Stored items from a collection
===============
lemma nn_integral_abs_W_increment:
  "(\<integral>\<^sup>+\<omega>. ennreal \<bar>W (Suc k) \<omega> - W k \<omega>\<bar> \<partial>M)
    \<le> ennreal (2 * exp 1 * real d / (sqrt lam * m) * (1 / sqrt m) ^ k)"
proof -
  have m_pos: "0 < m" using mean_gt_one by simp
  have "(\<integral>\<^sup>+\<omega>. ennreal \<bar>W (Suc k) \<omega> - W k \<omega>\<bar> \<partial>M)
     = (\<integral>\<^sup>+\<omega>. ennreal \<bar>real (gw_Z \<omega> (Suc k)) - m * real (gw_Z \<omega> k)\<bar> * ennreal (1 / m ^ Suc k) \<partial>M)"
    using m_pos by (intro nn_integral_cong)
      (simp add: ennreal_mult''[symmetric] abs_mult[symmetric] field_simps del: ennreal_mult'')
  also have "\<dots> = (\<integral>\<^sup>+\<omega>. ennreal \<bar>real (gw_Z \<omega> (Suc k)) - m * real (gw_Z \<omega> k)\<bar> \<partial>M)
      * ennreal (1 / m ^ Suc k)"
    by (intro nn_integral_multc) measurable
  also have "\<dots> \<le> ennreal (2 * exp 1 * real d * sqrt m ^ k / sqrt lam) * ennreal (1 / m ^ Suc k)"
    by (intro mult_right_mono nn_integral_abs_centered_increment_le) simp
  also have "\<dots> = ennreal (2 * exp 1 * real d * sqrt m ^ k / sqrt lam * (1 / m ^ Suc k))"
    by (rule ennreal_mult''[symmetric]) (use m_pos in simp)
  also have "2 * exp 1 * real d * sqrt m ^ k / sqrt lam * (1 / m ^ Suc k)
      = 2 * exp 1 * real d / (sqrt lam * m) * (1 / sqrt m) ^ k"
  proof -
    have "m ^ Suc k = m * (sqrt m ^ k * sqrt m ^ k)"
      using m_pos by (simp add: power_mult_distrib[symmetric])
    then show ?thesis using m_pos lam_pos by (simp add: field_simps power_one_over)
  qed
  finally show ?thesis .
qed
===============
Lines from the one containing "by (intro nn_integral_multc) measurable" through the end of the entries above must be copied exactly; include both ends and no other lines.

PROBLEM SOLUTION –
    by (intro nn_integral_multc) measurable
  also have "\<dots> \<le> ennreal (2 * exp 1 * real d * sqrt m ^ k / sqrt lam) * ennreal (1 / m ^ Suc k)"
    by (intro mult_right_mono nn_integral_abs_centered_increment_le) simp
  also have "\<dots> = ennreal (2 * exp 1 * real d * sqrt m ^ k / sqrt lam * (1 / m ^ Suc k))"
    by (rule ennreal_mult''[symmetric]) (use m_pos in simp)
  also have "2 * exp 1 * real d * sqrt m ^ k / sqrt lam * (1 / m ^ Suc k)
      = 2 * exp 1 * real d / (sqrt lam * m) * (1 / sqrt m) ^ k"
  proof -
    have "m ^ Suc k = m * (sqrt m ^ k * sqrt m ^ k)"
      using m_pos by (simp add: power_mult_distrib[symmetric])
    then show ?thesis using m_pos lam_pos by (simp add: field_simps power_one_over)
  qed
  finally show ?thesis .
qed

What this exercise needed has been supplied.